Data shown>
lemma diverging_paths_not_acyclic:
  assumes sym: "sym (edges G)" and xs: "gpath G (a # xs)" and ys: "gpath G (a # ys)"
    and ne: "xs \<noteq> []" "ys \<noteq> []" and hd: "hd xs \<noteq> hd ys" and last: "last xs = last ys"
  shows "\<not> acyclic_graph G"
proof -
  have "\<exists>z\<in>set xs. z \<in> set ys"
    using last ne by (metis last_in_set)
  then obtain p z r where xs': "xs = p @ z # r" and "z \<in> set ys"
    and p: "\<forall>w\<in>set p. w \<notin> set ys"
    using split_list_first_prop[of xs "\<lambda>w. w \<in> set ys"] by blast
  then obtain q s where ys': "ys = q @ z # s"
    by (metis split_list)
  have "p \<noteq> [] \<or> q \<noteq> []"
    using hd xs' ys' by auto
  moreover have "set p \<inter> set q = {}"
    using p ys' by auto
  ultimately show ?thesis
    using two_paths_not_acyclic[OF sym] xs ys xs' ys' by simp
qed

lemma acyclic_gpath_unique:
  assumes sym: "sym (edges G)" and ac: "acyclic_graph G"
  shows "gpath G xs \<Longrightarrow> gpath G ys \<Longrightarrow> hd xs = hd ys \<Longrightarrow> last xs = last ys \<Longrightarrow> xs = ys"
proof (induction xs arbitrary: ys)
  case Nil
  then show ?case by (simp add: gpath_def)
next
  case (Cons a xs')
  obtain ys' where ys: "ys = a # ys'"
    using Cons.prems by (cases ys) (auto simp: gpath_def)
  consider "xs' = []" | "ys' = []" | "xs' \<noteq> []" "ys' \<noteq> []"
    by blast
  then show ?case
  proof cases
    case 1
    then show ?thesis
      using Cons.prems gpath_hd_eq_last[of G ys] ys by auto
  next
    case 2
    then show ?thesis
      using Cons.prems gpath_hd_eq_last[of G "a # xs'"] ys by auto
  next
    case 3
    have gx': "gpath G xs'"
      using Cons.prems(1) 3 gpath_append_iff[of "[a]" xs'] by simp
    have gy': "gpath G ys'"
      using Cons.prems(2) 3 gpath_append_iff[of "[a]" ys'] ys by simp
    show ?thesis
    proof (cases "hd xs' = hd ys'")
      case True
      then show ?thesis
        using Cons.IH[OF gx' gy'] Cons.prems(4) 3 ys by simp
    next
      case False
      then show ?thesis
        using diverging_paths_not_acyclic[OF sym] Cons.prems(1,2,4) 3 ys ac by auto
    qed
  qed
qed

definition delete_vertex :: "'a graph \<Rightarrow> 'a \<Rightarrow> 'a graph" where
  "delete_vertex G x =
     \<lparr>verts = verts G - {x}, edges = {(a, b). (a, b) \<in> edges G \<and> a \<noteq> x \<and> b \<noteq> x}\<rparr>"

lemma delete_vertex_simps [simp]:
  "verts (delete_vertex G x) = verts G - {x}"
  "edges (delete_vertex G x) = {(a, b). (a, b) \<in> edges G \<and> a \<noteq> x \<and> b \<noteq> x}"
  by (simp_all add: delete_vertex_def)

lemma gpath_delete_vertex: "gpath (delete_vertex G x) xs \<longleftrightarrow> gpath G xs \<and> x \<notin> set xs"
proof -
  have "xs ! i \<noteq> x \<and> xs ! Suc i \<noteq> x" if "x \<notin> set xs" "Suc i < length xs" for i
    using that by (metis Suc_lessD nth_mem)
  then show ?thesis
    unfolding gpath_def by auto
qed

lemma wf_graph_delete_vertex: "wf_graph G \<Longrightarrow> wf_graph (delete_vertex G x)"
  unfolding wf_graph_def by (auto simp: sym_def irrefl_def)

lemma finite_neighbours: "wf_graph G \<Longrightarrow> finite {u. (v, u) \<in> edges G}"
  unfolding wf_graph_def by (auto intro: finite_subset[of _ "verts G"])

lemma subcubic_delete_vertex:
  assumes "wf_graph G" "subcubic G"
  shows "subcubic (delete_vertex G x)"
  unfolding subcubic_def
proof
  fix v assume v: "v \<in> verts (delete_vertex G x)"
  have "card {u. (v, u) \<in> edges (delete_vertex G x)} \<le> card {u. (v, u) \<in> edges G}"
    using finite_neighbours[OF assms(1)] by (intro card_mono) auto
  then show "card {u. (v, u) \<in> edges (delete_vertex G x)} \<le> 3"
    using assms(2) v by (force simp: subcubic_def)
qed

lemma subtree_delete_vertex: "subtree H G \<Longrightarrow> x \<notin> verts H \<Longrightarrow> subtree H (delete_vertex G x)"
  unfolding subtree_def subgraph_def wf_graph_def by auto

lemma leaf_notin_gpath:
  assumes sym: "sym (edges G)" and leaf: "\<And>w. (x, w) \<in> edges G \<longleftrightarrow> w = y"
    and g: "gpath G xs" and "hd xs \<noteq> x" "last xs \<noteq> x"
  shows "x \<notin> set xs"
proof
  assume "x \<in> set xs"
  then obtain i where i: "i < length xs" "xs ! i = x"
    by (auto simp: in_set_conv_nth)
  moreover have "xs \<noteq> []"
    using g by (simp add: gpath_def)
  ultimately have "i \<noteq> 0" "i \<noteq> length xs - 1"
    using assms(4,5) by (metis hd_conv_nth, metis last_conv_nth)
  then obtain j where j: "i = Suc j" "Suc i < length xs"
    using i(1) by (cases i) auto
  have "(xs ! j, x) \<in> edges G" "(x, xs ! Suc i) \<in> edges G"
    using g i j by (auto simp: gpath_def)
  then have "xs ! j = xs ! Suc i"
    using sym leaf by (auto simp: sym_def)
  then show False
    using g j by (simp add: gpath_def nth_eq_iff_index_eq)
qed

lemma is_tree_delete_leaf:
  assumes tree: "is_tree G" and leaf: "\<And>w. (x, w) \<in> edges G \<longleftrightarrow> w = y"
  shows "is_tree (delete_vertex G x)"
proof -
  have wf: "wf_graph G" and sym: "sym (edges G)"
    using tree by (auto simp: is_tree_def wf_graph_def)
  have "y \<in> verts G" "y \<noteq> x"
    using leaf[of y] wf by (auto simp: wf_graph_def irrefl_def)
  then have "verts (delete_vertex G x) \<noteq> {}"
    by auto
  moreover have "connected_graph (delete_vertex G x)"
    unfolding connected_graph_def
  proof (intro ballI)
    fix u v assume "u \<in> verts (delete_vertex G x)" "v \<in> verts (delete_vertex G x)"
    then obtain xs where "gpath G xs" "hd xs = u" "last xs = v" "u \<noteq> x" "v \<noteq> x"
      using tree by (auto simp: is_tree_def connected_graph_def)
    then show "\<exists>xs. gpath (delete_vertex G x) xs \<and> hd xs = u \<and> last xs = v"
      using leaf_notin_gpath[OF sym leaf] by (auto simp: gpath_delete_vertex)
  qed
  moreover have "acyclic_graph (delete_vertex G x)"
    using tree by (auto simp: is_tree_def acyclic_graph_def gpath_delete_vertex)
  ultimately show ?thesis
    using wf_graph_delete_vertex[OF wf] by (simp add: is_tree_def)
qed

lemma subtree_spanning_eq:
  assumes tree: "is_tree T" and sub: "subtree T' T" and spanning: "verts T \<subseteq> verts T'"
  shows "T' = T"
proof -
  have sym: "sym (edges T)" and ac: "acyclic_graph T"
    using tree by (auto simp: is_tree_def wf_graph_def)
  have V: "verts T' = verts T"
    using sub spanning by (auto simp: subtree_def subgraph_def)
  have "edges T \<subseteq> edges T'"
  proof
    fix e assume e: "e \<in> edges T"
    then obtain a b where ab: "e = (a, b)" "a \<in> verts T" "b \<in> verts T" "a \<noteq> b"
      using tree by (cases e) (auto simp: is_tree_def wf_graph_def irrefl_def)
    moreover have "connected_graph T'"
      using sub by (simp add: subtree_def is_tree_def)
    ultimately obtain zs where zs: "gpath T' zs" "hd zs = a" "last zs = b"
      using V unfolding connected_graph_def by blast
    have "gpath T [a, b]"
      using e ab by (auto simp: gpath_def nth_Cons split: nat.splits)
    moreover have "gpath T zs"
      using gpath_subgraph sub zs(1) by (auto simp: subtree_def)
    ultimately have "zs = [a, b]"
      using acyclic_gpath_unique[OF sym ac] zs by simp
    then show "e \<in> edges T'"
      using zs ab by (auto simp: gpath_def)
  qed
  moreover have "edges T' \<subseteq> edges T"
    using sub by (simp add: subtree_def subgraph_def)
  ultimately show ?thesis
    using V by (cases T, cases T') simp
qed

lemma acyclic_gpath_no_chord:
  assumes wf: "wf_graph G" and ac: "acyclic_graph G" and g: "gpath G xs"
    and j: "j < length xs" "(hd xs, xs ! j) \<in> edges G"
  shows "j = 1"
proof (rule ccontr)
  have sym: "sym (edges G)"
    using wf by (simp add: wf_graph_def)
  assume "j \<noteq> 1"
  moreover have "j \<noteq> 0"
  proof
    assume "j = 0"
    then have "(hd xs, hd xs) \<in> edges G"
      using g j by (cases xs) (auto simp: gpath_def)
    then show False
      using wf by (simp add: wf_graph_def irrefl_def)
  qed
  ultimately have "2 \<le> j"
    by simp
  define cyc where "cyc = take (Suc j) xs"
  have "gpath G cyc" "hd cyc = hd xs"
    using gpath_take[OF g] by (simp_all add: cyc_def)
  moreover have "length cyc \<ge> 3" "last cyc = xs ! j"
    using j(1) \<open>2 \<le> j\<close> by (simp_all add: cyc_def take_Suc_conv_app_nth)
  ultimately show False
    using ac j(2) sym unfolding acyclic_graph_def sym_def by metis
qed
(* For every positive integer $n$, $N'(n,n-1,0)=\frac{n(n+1)}{2}-1$.
   Context: $\mathbb{Z}_4$ is the ring of integers modulo $4$; a $\mathbb{Z}_4$-code of length $n$ is a $\mathbb{Z}_4$-submodule of $\mathbb{Z}_4^n$. Two codes are equivalent if one is obtained from the other by permuting coordinates and changing the signs of some coordinates. Every $\mathbb{Z}_4$-code is permutation-equivalent to one with generator matrix $\begin{pmatrix} I_{k_1} & A & B \\ O & 2I_{k_2} & 2D\end{pmatrix}$ with $A,D$ $(0,1)$-matrices and $B$ a $\mathbb{Z}_4$-matrix; the code then has type $4^{k_1}2^{k_2}$. The trivial extension of a code $C$ of length $n-1$ is $\{(c,0)\mid c\in C\}$ (the only code of length $0$ is the zero code). $N'(n,k_1,k_2)$ denotes the number of equivalence classes of $\mathbb{Z}_4$-codes of length $n$ and type $4^{k_1}2^{k_2}$ that are not equivalent to the trivial extension of any $\mathbb{Z}_4$-code of length $n-1$. *)

theory Defs
  imports "HOL-Combinatorics.Permutations"
begin

text \<open>Vectors over Z_m of length n: functions nat => int with entries in {0..m-1},
  supported on {0..<n}.  Z_4^n is modelled with m = 4.\<close>

definition zvec :: "int \<Rightarrow> nat \<Rightarrow> (nat \<Rightarrow> int) \<Rightarrow> bool" where
  "zvec m n f \<longleftrightarrow> (\<forall>i. 0 \<le> f i \<and> f i < m) \<and> (\<forall>i\<ge>n. f i = 0)"

definition add_mod :: "int \<Rightarrow> (nat \<Rightarrow> int) \<Rightarrow> (nat \<Rightarrow> int) \<Rightarrow> nat \<Rightarrow> int" where
  "add_mod m x y = (\<lambda>i. (x i + y i) mod m)"

definition is_code :: "nat \<Rightarrow> (nat \<Rightarrow> int) set \<Rightarrow> bool" where
  "is_code n C \<longleftrightarrow> C \<subseteq> {f. zvec 4 n f} \<and> (\<lambda>_. 0) \<in> C
     \<and> (\<forall>x\<in>C. \<forall>y\<in>C. add_mod 4 x y \<in> C)
     \<and> (\<forall>a::int. \<forall>x\<in>C. (\<lambda>i. (a * x i) mod 4) \<in> C)"

definition has_type :: "(nat \<Rightarrow> int) set \<Rightarrow> nat \<Rightarrow> nat \<Rightarrow> bool" where
  "has_type C k1 k2 \<longleftrightarrow> (\<exists>\<phi>.
     bij_betw \<phi> C {(a, b). zvec 4 k1 a \<and> zvec 2 k2 b} \<and>
     (\<forall>x\<in>C. \<forall>y\<in>C. \<phi> (add_mod 4 x y) =
        (add_mod 4 (fst (\<phi> x)) (fst (\<phi> y)), add_mod 2 (snd (\<phi> x)) (snd (\<phi> y)))))"

definition code_equiv :: "nat \<Rightarrow> (nat \<Rightarrow> int) set \<Rightarrow> (nat \<Rightarrow> int) set \<Rightarrow> bool" where
  "code_equiv n C D \<longleftrightarrow> (\<exists>\<sigma> s. \<sigma> permutes {0..<n} \<and> (\<forall>i. s i \<in> {1, -1::int}) \<and>
     D = (\<lambda>c. \<lambda>i. (s i * c (\<sigma> i)) mod 4) ` C)"

text \<open>Trivial extension of a code of length n-1 to length n: append a zero coordinate
  (coordinate n-1).  With our representation this is the same set of functions.\<close>
definition triv_ext :: "(nat \<Rightarrow> int) set \<Rightarrow> (nat \<Rightarrow> int) set" where
  "triv_ext D = {c. c \<in> D}"

definition codes_nontriv :: "nat \<Rightarrow> nat \<Rightarrow> nat \<Rightarrow> (nat \<Rightarrow> int) set set" where
  "codes_nontriv n k1 k2 = {C. is_code n C \<and> has_type C k1 k2 \<and>
     \<not> (\<exists>D. is_code (n - 1) D \<and> code_equiv n C (triv_ext D))}"

definition Nprime :: "nat \<Rightarrow> nat \<Rightarrow> nat \<Rightarrow> nat" where
  "Nprime n k1 k2 = card (codes_nontriv n k1 k2 //
     {(C, D). C \<in> codes_nontriv n k1 k2 \<and> D \<in> codes_nontriv n k1 k2 \<and> code_equiv n C D})"

end

(* A code C of length n and type 4^(n-1) is the kernel of a functional
   x |-> sum_i v_i x_i (mod 4) with some v_j = 1.  Indeed, C has only 2^(n-1) elements of
   order at most 2, so some 2 e_j lies outside C; then deleting coordinate j maps C
   bijectively onto the vectors vanishing at j, and the preimages of the unit vectors
   determine v.  Sign changes make v a {0, 1, 2}-vector and a permutation sorts it into
   (0^c, 2^(t-c), 1^(n-t)) with c <= t < n.  The numbers c and t count the coordinates i
   with e_i in C, resp. 2 e_i in C, so they are invariants, and the equivalence classes
   correspond exactly to the pairs c <= t < n.  The pair (n-1, n-1) gives Z_4^(n-1) + 0,
   a trivial extension, while every other canonical code has full support; this leaves
   n(n+1)/2 - 1 classes. *)

theory Submission
  imports Defs
begin

lemma zvec_nonneg: "zvec m n f \<Longrightarrow> 0 \<le> f i"
  and zvec_less: "zvec m n f \<Longrightarrow> f i < m"
  and zvec_beyond: "zvec m n f \<Longrightarrow> n \<le> i \<Longrightarrow> f i = 0"
  unfolding zvec_def by auto

lemma is_codeD:
  assumes "is_code n C"
  shows is_code_zvec: "x \<in> C \<Longrightarrow> zvec 4 n x"
    and is_code_zero: "(\<lambda>_. 0) \<in> C"
    and is_code_add: "x \<in> C \<Longrightarrow> y \<in> C \<Longrightarrow> add_mod 4 x y \<in> C"
    and is_code_smult: "x \<in> C \<Longrightarrow> (\<lambda>i. (a * x i) mod 4) \<in> C"
  using assms unfolding is_code_def by auto

definition vectors_on :: "nat \<Rightarrow> (nat \<Rightarrow> int set) \<Rightarrow> (nat \<Rightarrow> int) set" where
  "vectors_on n A = {f. (\<forall>i<n. f i \<in> A i) \<and> (\<forall>i\<ge>n. f i = 0)}"

lemma bij_betw_restrict_vectors_on:
  "bij_betw (\<lambda>f. restrict f {..<n}) (vectors_on n A) (\<Pi>\<^sub>E i\<in>{..<n}. A i)"
proof (rule bij_betw_byWitness[where f' = "\<lambda>g i. if i < n then g i else 0"])
  show "\<forall>f\<in>vectors_on n A. (\<lambda>i. if i < n then restrict f {..<n} i else 0) = f"
    by (simp add: vectors_on_def fun_eq_iff)
  show "\<forall>g\<in>\<Pi>\<^sub>E i\<in>{..<n}. A i. restrict (\<lambda>i. if i < n then g i else 0) {..<n} = g"
  proof
    fix g assume g: "g \<in> (\<Pi>\<^sub>E i\<in>{..<n}. A i)"
    have "restrict (\<lambda>i. if i < n then g i else 0) {..<n} = restrict g {..<n}"
      by (rule restrict_ext) simp
    also have "\<dots> = g" using PiE_restrict[OF g] .
    finally show "restrict (\<lambda>i. if i < n then g i else 0) {..<n} = g" .
  qed
  show "(\<lambda>f. restrict f {..<n}) ` vectors_on n A \<subseteq> (\<Pi>\<^sub>E i\<in>{..<n}. A i)"
  proof (rule image_subsetI)
    fix f assume "f \<in> vectors_on n A"
    then show "restrict f {..<n} \<in> (\<Pi>\<^sub>E i\<in>{..<n}. A i)"
      unfolding restrict_PiE_iff vectors_on_def by simp
  qed
  show "(\<lambda>g i. if i < n then g i else 0) ` (\<Pi>\<^sub>E i\<in>{..<n}. A i) \<subseteq> vectors_on n A"
  proof (rule image_subsetI)
    fix g assume g: "g \<in> (\<Pi>\<^sub>E i\<in>{..<n}. A i)"
    have "g i \<in> A i" if "i < n" for i using PiE_mem[OF g] that by simp
    then show "(\<lambda>i. if i < n then g i else 0) \<in> vectors_on n A" by (simp add: vectors_on_def)
  qed
qed

lemma card_vectors_on:
  assumes "\<And>i. i < n \<Longrightarrow> finite (A i)"
  shows "finite (vectors_on n A)" "card (vectors_on n A) = (\<Prod>i<n. card (A i))"
proof -
  have "finite (\<Pi>\<^sub>E i\<in>{..<n}. A i)" using assms by (intro finite_PiE) auto
  then show "finite (vectors_on n A)"
    using bij_betw_finite[OF bij_betw_restrict_vectors_on] by blast
  show "card (vectors_on n A) = (\<Prod>i<n. card (A i))"
    using bij_betw_same_card[OF bij_betw_restrict_vectors_on] by (simp add: card_PiE)
qed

Instructions to follow> Show me every line of the entries above that holds "length".

Solution to the problem>
  have "xs ! i \<noteq> x \<and> xs ! Suc i \<noteq> x" if "x \<notin> set xs" "Suc i < length xs" for i
  then obtain i where i: "i < length xs" "xs ! i = x"
  ultimately have "i \<noteq> 0" "i \<noteq> length xs - 1"
  then obtain j where j: "i = Suc j" "Suc i < length xs"
    and j: "j < length xs" "(hd xs, xs ! j) \<in> edges G"
  moreover have "length cyc \<ge> 3" "last cyc = xs ! j"
   Context: $\mathbb{Z}_4$ is the ring of integers modulo $4$; a $\mathbb{Z}_4$-code of length $n$ is a $\mathbb{Z}_4$-submodule of $\mathbb{Z}_4^n$. Two codes are equivalent if one is obtained from the other by permuting coordinates and changing the signs of some coordinates. Every $\mathbb{Z}_4$-code is permutation-equivalent to one with generator matrix $\begin{pmatrix} I_{k_1} & A & B \\ O & 2I_{k_2} & 2D\end{pmatrix}$ with $A,D$ $(0,1)$-matrices and $B$ a $\mathbb{Z}_4$-matrix; the code then has type $4^{k_1}2^{k_2}$. The trivial extension of a code $C$ of length $n-1$ is $\{(c,0)\mid c\in C\}$ (the only code of length $0$ is the zero code). $N'(n,k_1,k_2)$ denotes the number of equivalence classes of $\mathbb{Z}_4$-codes of length $n$ and type $4^{k_1}2^{k_2}$ that are not equivalent to the trivial extension of any $\mathbb{Z}_4$-code of length $n-1$. *)
text \<open>Vectors over Z_m of length n: functions nat => int with entries in {0..m-1},
text \<open>Trivial extension of a code of length n-1 to length n: append a zero coordinate
(* A code C of length n and type 4^(n-1) is the kernel of a functional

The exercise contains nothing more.